This project demonstrates a real-time data streaming pipeline using Apache Kafka, Docker, and Python. The pipeline reads student performance data from a CSV file, streams it into Kafka using a producer, and consumes the data to store it into another CSV file. It showcases key concepts in data engineering, including event-driven architectures, containerization, and fault-tolerant processing.
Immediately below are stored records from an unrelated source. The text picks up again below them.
theorem lemma3:
  fixes r :: "'s::finite \<Rightarrow> 'a::finite \<Rightarrow> real"
    and p :: "'s \<Rightarrow> 'a \<Rightarrow> 's pmf"
    and J :: real and q :: "'s \<Rightarrow> 'a \<Rightarrow> real" and v :: "'s \<Rightarrow> real"
    and QS :: "'s \<Rightarrow> 'a \<Rightarrow> real" and VS :: "'s \<Rightarrow> real"
    and H \<delta> :: real and T :: nat and s1 :: 's
    and tb :: "('s, 'a) qstate \<Rightarrow> 'a"
  assumes r_range: "\<And>s a. 0 \<le> r s a \<and> r s a \<le> 1"
    and wc: "weakly_communicating p"
    and J_range: "0 \<le> J \<and> J \<le> 1"
    and avg_bellman: "\<And>s a. J + q s a = r s a + measure_pmf.expectation (p s a) v"
    and v_def: "\<And>s. v s = Max (range (q s))"
    and H: "H \<ge> 2"
    and \<delta>: "0 < \<delta>" "\<delta> < 1"
    and disc_Q: "\<And>s a. QS s a = r s a + (1 - 1 / H) * measure_pmf.expectation (p s a) VS"
    and disc_V: "\<And>s. VS s = Max (range (QS s))"
    and greedy: "\<And>\<sigma>. Qh \<sigma> (cur \<sigma>) (tb \<sigma>) = Max (range (Qh \<sigma> (cur \<sigma>)))"
  shows "measure_pmf.prob (ql_run r p (spread v) H T \<delta> tb T (ql_init H s1))
           {xs. (\<Sum>(s, a)\<leftarrow>xs. QS s a - (1 - 1 / H) * VS s - r s a)
                  \<le> 2 * spread v * sqrt (2 * real T * ln (1 / \<delta>)) + 2 * spread v}
         \<ge> 1 - \<delta>"
proof -
  define \<gamma> where "\<gamma> = 1 - 1 / H"
  define L where "L = ln (1 / \<delta>)"
  have \<gamma>: "0 \<le> \<gamma>" "\<gamma> \<le> 1" "\<gamma> < 1"
    using H by (simp_all add: \<gamma>_def)
  have "0 \<le> L"
    using \<delta> by (simp add: L_def)
  have "spread VS \<le> 2 * spread v"
    using avg_bellman v_def \<gamma>(1,3) disc_Q [folded \<gamma>_def] disc_V by (rule spread_discounted_value_le)
  with \<open>0 \<le> L\<close> spread_nonneg[of VS] have bound:
    "spread VS * sqrt (real T * L / 2) + spread VS \<le> 2 * spread v * sqrt (2 * real T * L) + 2 * spread v"
    by (auto intro!: add_mono mult_mono)
  have "1 - \<delta> \<le> measure_pmf.prob (ql_run r p (spread v) H T \<delta> tb T (ql_init H s1))
      {xs. (\<Sum>(s, a)\<leftarrow>xs. QS s a - \<gamma> * VS s - r s a) \<le> spread VS * sqrt (real T * L / 2) + spread VS}"
    unfolding L_def using \<gamma>(1,2) disc_Q [folded \<gamma>_def] \<delta>
    by (intro ql_run_discounted_gap_sum_le_whp) simp_all
  also have "\<dots> \<le> measure_pmf.prob (ql_run r p (spread v) H T \<delta> tb T (ql_init H s1))
      {xs. (\<Sum>(s, a)\<leftarrow>xs. QS s a - \<gamma> * VS s - r s a) \<le> 2 * spread v * sqrt (2 * real T * L) + 2 * spread v}"
    using bound by (intro measure_pmf.finite_measure_mono) auto
  finally show ?thesis
    by (simp add: L_def \<gamma>_def)
qed

end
The project is designed to be educational, highlighting common pitfalls in setting up streaming pipelines and how to resolve them. It uses a sample dataset on student performance metrics (e.g., hours studied, sleep hours, exam scores) to simulate real-world data ingestion and processing.
To simulate a real-world data engineering workflow involving:
- Real-time data ingestion from a source (CSV file).
- Event streaming using Kafka as the messaging system.
- Consumer-side data processing and transformation.
- Persistent storage of streamed data into an output file.
- Debugging and troubleshooting common issues in distributed systems.
This setup can be extended to more complex scenarios like integrating with databases, cloud services, or analytics tools.
The architecture follows a simple producer-consumer model with Kafka as the central broker:
CSV Dataset (Input) → Kafka Producer (Python Script) → Kafka Topic (student-performance) → Kafka Consumer (Python Script) → Output CSV (Processed Data)
- Input Source: A CSV file containing student performance data.
- Producer: Reads data row-by-row, serializes it to JSON, and publishes to a Kafka topic.
- Kafka Broker: Handles message queuing, partitioning, and replication (single partition for simplicity).
- Consumer: Subscribes to the topic, deserializes messages, and appends data to an output CSV.
- Dependencies: Docker for containerizing Kafka and Zookeeper; Python libraries for Kafka integration and data handling.
This design ensures decoupling between data production and consumption, allowing for scalability and reliability.
The repository is organized as follows:
kafka-project/
├── docker-compose.yml # Docker configuration for Kafka and Zookeeper
├── producer.py # Python script for the Kafka producer
├── consumer.py # Python script for the Kafka consumer
├── README.md # This documentation file
├── data/ # Directory for data files
│ ├── Student_Performance_Dataset.csv # Input dataset (sample student data)
│ └── output.csv # Output file generated by the consumer (initially empty)
- data/Student_Performance_Dataset.csv: A sample CSV with columns like
gender,race/ethnicity,parental level of education,lunch,test preparation course,math score,reading score,writing score. You can replace this with your own dataset. - output.csv: Automatically created/updated by the consumer.
During development and testing, several issues arose that prevented the pipeline from functioning correctly. These are common in Kafka setups and are documented here for learning purposes:
- The consumer failed to receive messages from the topic.
- Data was not being stored in the
output.csvfile. - Connection issues between the Python consumer and the Kafka broker.
- Errors in parsing incoming Kafka messages, leading to crashes.
These problems highlight the importance of configuration, error handling, and testing in streaming applications.
After investigation, the root causes were identified as follows:
-
Kafka Broker Connection Failure:
- The Python consumer could not connect to Kafka due to mismatched listener configurations in Docker.
- Error Message:
kafka.errors.NoBrokersAvailable. - Reason: The advertised listener was set to
localhost, but the container network required0.0.0.0for accessibility.
-
Kafka Offset Issue:
- Kafka maintains message offsets per consumer group. If messages were already consumed in a previous run, new consumers wouldn't see old messages unless offsets were reset.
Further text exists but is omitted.